The Inner Life of Sounds: André Vida recommends Moritz von Oswald Trio’s Fetch
Hungarian-American saxophonist and composer André Vida is co-founder of the NYC collective Creative Trans-Informational Alliance and a frequent collaborator with musicians and artists as diverse as Oni Ayhun, Anthony Braxton and Tino Sehgal. His most recent release is the three- volume retrospective, Brud, put out last year by PAN Records. In the last issue of Electronic Beats he recommended Mati and the Music—a book on Mati Klarwein’s record covers.
The varied dimensions and sound worlds co-existing in the Moritz von Oswald Trio’s latest album, Fetch, has led me to think of several totally irrational metaphors to describe something I still can’t quite put my finger on. At first I invented some alchemical ritual where the paint scraped off a masterwork is reconstituted into a speaking body, but alchemy is such an incredibly unsatisfying metaphor to apply to excellent music—and so cheesy. Then I imagined collecting all of the money in the world and putting it into a pile to see if the value of our worldly experiences devoid of currency could simply be valued for what they are, and that sound would be some kind of currency but . . . what? Equally random. What I am scraping for here are the sounds. I want some metaphor that tells you how delicate and elegant these synthesized sounds are, draped against unpredictable live percussion, simultaneously driven by machine sequences, the three members hanging amongst each other, supporting both entropic and predictable tendencies at the same time. The music possesses that alertness that jazz musicians like Tony Williams or Wayne Shorter have used to elliptically shift everything in a breath or a blink. But the sounds themselves possess some inner life that I can’t figure out, as if they exist independently of us and are being reconstituted from some dormant state, each with its own sense of material memory. And I have been relistening over and over and over and still feel my ears extending from my tiptoes to try to figure out what it is that is so interesting and I still don’t know. I just know that it is.
My first encounter with the Moritz von Oswald Trio was about five years ago at the Unsound Festival in Krakow. We were playing the same night in a very communist feeling theater built in the seventies. The space itself somehow seemed to want to claim authorship of all content. I remember sitting on one of the top rows of the grand carpeted amphitheater and feeling there was something impenetrable about the performance. The mood was very strong, but not in an emotional sense—as if they were engaged in unspoken dialogue with the building and the time- expanding and time-contracting happening all around us. It sounded like they were tricking the stage into submission. Years later, while working on Ari Benjamin Meyers’ Symphony X in collaboration with choreographer Tino Sehgal, I got the chance to play with Max Loderbauer. I remember dancing around the seventy-minute notated score while the audience danced around the fourteen-piece orchestra . .. and then Loderbauer’s refined and precise solo synthesizer interludes came in, recentering the entire gravity of the room.

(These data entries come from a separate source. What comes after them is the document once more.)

(* The variety $\mathsf{V}(S_{(4,411)})$ is the ai-semiring variety defined by the identities $xy\approx xy+x$, $x+yx\approx x+yx+xy$, $x_1x_2x_3\approx x_1x_2x_3+x_4$, $x_1x_2+x_3x_4\approx x_1x_2+x_3x_4+x_1x_3$, $x_1x_2+x_3x_4\approx x_1x_2+x_3x_4+x_1x_4$.
   Context: An ai-semiring is an algebra $(S,+,\cdot)$ with $(S,+)$ a semilattice, $(S,\cdot)$ a semigroup, and both distributive laws. $\mathsf{V}(S)$ is the variety generated by $S$; "the ai-semiring variety defined by identities $\Sigma$" is the class of all ai-semirings satisfying $\Sigma$. $S_{(4,411)}$ has carrier $\{1,2,3,4\}$; addition: $x+x=x$, $2+x=x$, $1+x=1$ for all $x$, $3+4=1$; multiplication (row $a$, column $b$ gives $a\cdot b$): row $1$: $1,1,1,1$; row $2$: $1,3,1,3$; row $3$: $1,1,1,1$; row $4$: $1,1,1,1$. *)

theory Defs
  imports Main
begin

definition ai_semiring :: "('a \<Rightarrow> 'a \<Rightarrow> 'a) \<Rightarrow> ('a \<Rightarrow> 'a \<Rightarrow> 'a) \<Rightarrow> bool" where
  "ai_semiring add mul \<longleftrightarrow>
     (\<forall>x y z. add (add x y) z = add x (add y z)) \<and>
     (\<forall>x y. add x y = add y x) \<and>
     (\<forall>x. add x x = x) \<and>
     (\<forall>x y z. mul (mul x y) z = mul x (mul y z)) \<and>
     (\<forall>x y z. mul x (add y z) = add (mul x y) (mul x z)) \<and>
     (\<forall>x y z. mul (add x y) z = add (mul x z) (mul y z))"

datatype sterm = Var nat | Plus sterm sterm | Times sterm sterm

fun eval :: "('a \<Rightarrow> 'a \<Rightarrow> 'a) \<Rightarrow> ('a \<Rightarrow> 'a \<Rightarrow> 'a) \<Rightarrow> (nat \<Rightarrow> 'a) \<Rightarrow> sterm \<Rightarrow> 'a" where
  "eval add mul \<rho> (Var n) = \<rho> n"
| "eval add mul \<rho> (Plus s t) = add (eval add mul \<rho> s) (eval add mul \<rho> t)"
| "eval add mul \<rho> (Times s t) = mul (eval add mul \<rho> s) (eval add mul \<rho> t)"

definition satisfies :: "('a \<Rightarrow> 'a \<Rightarrow> 'a) \<Rightarrow> ('a \<Rightarrow> 'a \<Rightarrow> 'a) \<Rightarrow> sterm \<times> sterm \<Rightarrow> bool" where
  "satisfies add mul e \<longleftrightarrow> (\<forall>\<rho>. eval add mul \<rho> (fst e) = eval add mul \<rho> (snd e))"

datatype s4 = E1 | E2 | E3 | E4

fun s4_add :: "s4 \<Rightarrow> s4 \<Rightarrow> s4" where
  "s4_add E1 y = E1"
| "s4_add x E1 = E1"
| "s4_add E2 y = y"
| "s4_add x E2 = x"
| "s4_add E3 E3 = E3"
| "s4_add E4 E4 = E4"
| "s4_add E3 E4 = E1"
| "s4_add E4 E3 = E1"

fun s4_mul :: "s4 \<Rightarrow> s4 \<Rightarrow> s4" where
  "s4_mul E2 E2 = E3"
| "s4_mul E2 E4 = E3"
| "s4_mul x y = E1"

text \<open>Equational theory Id(S) and the variety V(S) = Mod(Id(S)) (= HSP(S) by Birkhoff).\<close>
definition Id_S4 :: "(sterm \<times> sterm) set" where
  "Id_S4 = {e. satisfies s4_add s4_mul e}"

definition in_V_S4 :: "('a \<Rightarrow> 'a \<Rightarrow> 'a) \<Rightarrow> ('a \<Rightarrow> 'a \<Rightarrow> 'a) \<Rightarrow> bool" where
  "in_V_S4 add mul \<longleftrightarrow> (\<forall>e\<in>Id_S4. satisfies add mul e)"

end

theory Submission
  imports Defs
begin

(* In any ai-semiring a term evaluates to the finite join of the values of its words, the
   nonempty sequences of variables it expands to.  In S_(4,411) the set {1,4} is prime for +,
   so evaluating an identity u = v of S_(4,411) under valuations into {2,3,4} (all 2; 4 at x
   and 2 elsewhere; 3 at x and 2 elsewhere) shows that v has a word of length at least 3 if u
   has one, a word x or xz if u has a word x or xy, and a word of length 2 containing x if u
   has one.  In a model of the five identities a word of length at least 3 absorbs everything
   (x1x2x3 >= x4), and otherwise these words of v bound each word of u in the semilattice
   order: x <= xz, xa <= x + ax, xy <= xz + ay and xy <= xz + yb.  So u <= v, and v <= u by
   symmetry. *)

fun words :: "sterm \<Rightarrow> nat list set" where
  "words (Var n) = {[n]}"
| "words (Plus s t) = words s \<union> words t"
| "words (Times s t) = (\<lambda>(v, w). v @ w) ` (words s \<times> words t)"

lemma finite_words: "finite (words t)"
  by (induction t) auto

lemma words_nonempty: "words t \<noteq> {}"
  by (induction t) auto

lemma words_neq_Nil: "w \<in> words t \<Longrightarrow> w \<noteq> []"
  by (induction t arbitrary: w) auto

lemma word_cases [case_names single pair long]:
  assumes "w \<noteq> []"
  obtains a where "w = [a]" | a b where "w = [a, b]" | a b c r where "w = a # b # c # r"
  using assms by (metis list.exhaust)

fun vars :: "sterm \<Rightarrow> nat set" where
  "vars (Var n) = {n}"
| "vars (Plus s t) = vars s \<union> vars t"
| "vars (Times s t) = vars s \<union> vars t"

lemma eval_cong: "(\<And>n. n \<in> vars t \<Longrightarrow> \<rho> n = \<rho>' n) \<Longrightarrow> eval add mul \<rho> t = eval add mul \<rho>' t"
  by (induction t) auto

lemma satisfies_iff_4_vars:
  assumes "vars u \<union> vars v \<subseteq> {..<4}"
  shows "satisfies add mul (u, v) \<longleftrightarrow>
    (\<forall>x1 x2 x3 x4. eval add mul ((!) [x1, x2, x3, x4]) u = eval add mul ((!) [x1, x2, x3, x4]) v)"
    (is "_ \<longleftrightarrow> (\<forall>x1 x2 x3 x4. ?eq [x1, x2, x3, x4])")
proof
  assume eq: "\<forall>x1 x2 x3 x4. ?eq [x1, x2, x3, x4]"
  have "eval add mul \<rho> u = eval add mul \<rho> v" for \<rho>
  proof -
    let ?\<rho>' = "(!) [\<rho> 0, \<rho> 1, \<rho> 2, \<rho> 3]"
    have "?\<rho>' n = \<rho> n" if "n < 4" for n
      using that by (auto simp: less_Suc_eq numeral_eq_Suc)
    then have "eval add mul \<rho> u = eval add mul ?\<rho>' u" and "eval add mul \<rho> v = eval add mul ?\<rho>' v"
      using assms by (auto intro!: eval_cong)
    with eq show ?thesis
      by simp
  qed
  then show "satisfies add mul (u, v)"
    by (simp add: satisfies_def)
qed (simp add: satisfies_def)

fun eval_word :: "('a \<Rightarrow> 'a \<Rightarrow> 'a) \<Rightarrow> (nat \<Rightarrow> 'a) \<Rightarrow> nat list \<Rightarrow> 'a" where
  "eval_word mul \<rho> [x] = \<rho> x"
| "eval_word mul \<rho> (x # w) = mul (\<rho> x) (eval_word mul \<rho> w)"

lemma (in semigroup) eval_word_append:
  "v \<noteq> [] \<Longrightarrow> w \<noteq> [] \<Longrightarrow> eval_word f \<rho> (v @ w) = f (eval_word f \<rho> v) (eval_word f \<rho> w)"
proof (induction v)
  case (Cons x v)
  then show ?case by (cases v; cases w) (simp_all add: assoc)
qed simp

lemma (in semilattice_set) F_mem_iff:
  assumes prime: "\<And>a b. f a b \<in> P \<longleftrightarrow> a \<in> P \<or> b \<in> P"
    and "finite A" "A \<noteq> {}"
  shows "F A \<in> P \<longleftrightarrow> (\<exists>a\<in>A. a \<in> P)"
  using assms(2,3) by (induction rule: finite_ne_induct) (simp_all add: prime)

locale idem_semiring = add: semilattice add + mul: semigroup mul
  for add mul :: "'a \<Rightarrow> 'a \<Rightarrow> 'a" +
  assumes distrib_left: "mul x (add y z) = add (mul x y) (mul x z)"
    and distrib_right: "mul (add x y) z = add (mul x z) (mul y z)"
begin

sublocale add: semilattice_set add by unfold_locales

lemma mul_F:
  assumes "finite A" "A \<noteq> {}" "finite B" "B \<noteq> {}"
  shows "mul (add.F A) (add.F B) = add.F ((\<lambda>(a, b). mul a b) ` (A \<times> B))"
  using assms(1,2)
proof (induction rule: finite_ne_induct)
  case (singleton a)
  have "mul a (add.F B) = add.F (mul a ` B)"
    by (rule add.hom_commute[where h = "mul a", OF distrib_left assms(3,4)])
  moreover have "(\<lambda>(a, b). mul a b) ` ({a} \<times> B) = mul a ` B"
    by auto
  ultimately show ?case by simp
next
  case (insert a A)
  have "mul (add.F (insert a A)) (add.F B) = add (mul a (add.F B)) (mul (add.F A) (add.F B))"
    using insert by (simp add: distrib_right)
  also have "mul a (add.F B) = add.F (mul a ` B)"
    by (rule add.hom_commute[where h = "mul a", OF distrib_left assms(3,4)])
  also have "add (add.F (mul a ` B)) (mul (add.F A) (add.F B))
      = add.F (mul a ` B \<union> (\<lambda>(a, b). mul a b) ` (A \<times> B))"
    using insert assms(3,4) by (simp add: add.union)
  also have "mul a ` B \<union> (\<lambda>(a, b). mul a b) ` (A \<times> B) = (\<lambda>(a, b). mul a b) ` (insert a A \<times> B)"
    by auto
  finally show ?case .
qed

lemma eval_eq_F_words: "eval add mul \<rho> t = add.F (eval_word mul \<rho> ` words t)"
proof (induction t)
  case (Plus s t)
  then show ?case
    by (simp add: image_Un add.union finite_words words_nonempty)
next
  case (Times s t)
  have "eval_word mul \<rho> ` words (Times s t)
      = (\<lambda>(v, w). mul (eval_word mul \<rho> v) (eval_word mul \<rho> w)) ` (words s \<times> words t)"
    unfolding words.simps image_image
    by (rule image_cong) (auto intro!: mul.eval_word_append dest: words_neq_Nil)
  also have "\<dots> = (\<lambda>(a, b). mul a b) ` (eval_word mul \<rho> ` words s \<times> eval_word mul \<rho> ` words t)"
    by (auto simp: image_iff)
  finally show ?case
    using Times by (simp add: mul_F finite_words words_nonempty)
qed simp

definition le :: "'a \<Rightarrow> 'a \<Rightarrow> bool" where
  "le a b \<longleftrightarrow> add a b = b"

lemma le_refl: "le a a"
  by (simp add: le_def)

lemma le_trans: "le a b \<Longrightarrow> le b c \<Longrightarrow> le a c"
  unfolding le_def by (metis add.assoc)

lemma le_antisym: "le a b \<Longrightarrow> le b a \<Longrightarrow> a = b"
  unfolding le_def by (metis add.commute)

lemma add_le_iff: "le (add a b) c \<longleftrightarrow> le a c \<and> le b c"
  unfolding le_def by (metis add.assoc add.commute add.left_idem)

lemma F_le_iff: "finite A \<Longrightarrow> A \<noteq> {} \<Longrightarrow> le (add.F A) c \<longleftrightarrow> (\<forall>a\<in>A. le a c)"
  by (induction rule: finite_ne_induct) (simp_all add: add_le_iff)

lemma eval_le_iff: "le (eval add mul \<rho> t) c \<longleftrightarrow> (\<forall>w\<in>words t. le (eval_word mul \<rho> w) c)"
  by (simp add: eval_eq_F_words F_le_iff finite_words words_nonempty)

lemma word_le_eval: "w \<in> words t \<Longrightarrow> le (eval_word mul \<rho> w) (eval add mul \<rho> t)"
  using eval_le_iff le_refl by blast

end

lemma ai_semiring_iff_idem_semiring: "ai_semiring add mul \<longleftrightarrow> idem_semiring add mul"
  unfolding ai_semiring_def idem_semiring_def idem_semiring_axioms_def semilattice_def
    abel_semigroup_def abel_semigroup_axioms_def semigroup_def semilattice_axioms_def
  by blast

lemma s4_all: "(\<forall>x. P x) \<longleftrightarrow> P E1 \<and> P E2 \<and> P E3 \<and> P E4"
  by (metis s4.exhaust)

lemma S4_satisfies_identities:
  "ai_semiring s4_add s4_mul \<and>
    (\<forall>x y. s4_mul x y = s4_add (s4_mul x y) x) \<and>
    (\<forall>x y. s4_add x (s4_mul y x) = s4_add (s4_add x (s4_mul y x)) (s4_mul x y)) \<and>
    (\<forall>x1 x2 x3 x4. s4_mul (s4_mul x1 x2) x3 = s4_add (s4_mul (s4_mul x1 x2) x3) x4) \<and>
    (\<forall>x1 x2 x3 x4. s4_add (s4_mul x1 x2) (s4_mul x3 x4) = s4_add (s4_add (s4_mul x1 x2) (s4_mul x3 x4)) (s4_mul x1 x3)) \<and>
    (\<forall>x1 x2 x3 x4. s4_add (s4_mul x1 x2) (s4_mul x3 x4) = s4_add (s4_add (s4_mul x1 x2) (s4_mul x3 x4)) (s4_mul x1 x4))"
  by (simp add: ai_semiring_def s4_all)

interpretation s4: idem_semiring s4_add s4_mul
  using S4_satisfies_identities ai_semiring_iff_idem_semiring by blast

lemma s4_add_mem_E1E4_iff: "s4_add a b \<in> {E1, E4} \<longleftrightarrow> a \<in> {E1, E4} \<or> b \<in> {E1, E4}"
  by (cases a; cases b) simp_all

lemma s4_eval_mem_E1E4_iff:
  "eval s4_add s4_mul \<sigma> t \<in> {E1, E4} \<longleftrightarrow> (\<exists>w\<in>words t. eval_word s4_mul \<sigma> w \<in> {E1, E4})"
  unfolding s4.eval_eq_F_words
  using s4.add.F_mem_iff[OF s4_add_mem_E1E4_iff, of "eval_word s4_mul \<sigma> ` words t"]
  by (simp add: finite_words words_nonempty)

lemma s4_mul_mul: "s4_mul x (s4_mul y z) = E1"
  by (cases x; cases y; cases z) simp_all

lemma s4_eval_const_E2:
  "eval s4_add s4_mul (\<lambda>_. E2) t \<in> {E1, E4} \<longleftrightarrow> (\<exists>w\<in>words t. 3 \<le> length w)"
  unfolding s4_eval_mem_E1E4_iff
proof (intro bex_cong refl)
  show "eval_word s4_mul (\<lambda>_. E2) w \<in> {E1, E4} \<longleftrightarrow> 3 \<le> length w" if "w \<in> words t" for w
    using words_neq_Nil[OF that] by (cases w rule: word_cases) (simp_all add: s4_mul_mul)
qed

Later, we were working on some music together and after recording some ideas, there was a hard disc crash and he just said, “Well it wasn’t quite right—let’s try it again.” I really respect that philosophy, and I imagine it’s one shared by Vladislav Delay and Moritz von Oswald, the trio’s other members. That idea of doing things until they’re just right is often obscured by the deceptively easy tools of digital editing in all forms of twenty-first century music. In the process of recording a studio album, documents from the “golden age”—the sixties and seventies—haunt most musicians like historiated footnotes, engraved with such delicate precision that even the vinyl seems to point out how degenerate our age of laptops and digital resources is. On “Jam”, with the additional contributions of Jonas Schoen’s woodwinds, Sebastian Studnitzky’s trumpet and Marc Muellbauer’s bass, I hear the group pointing directly back at one of those Miles Davis footnotes with newfound awareness of the dangers of revision- ism; a refracted but almost more direct view of the highly edited visions of Teo Macero and Miles.
I remember hearing an amazing musician say that he didn’t want to talk about what he does because then he would understand it himself and that’s the last thing he would want. Perhaps the most frustrating element in talking about this album is that it says everything on its own terms. It just makes me want to make music, not talk about it. ~
Published January 24, 2013. Words by Andre Vida.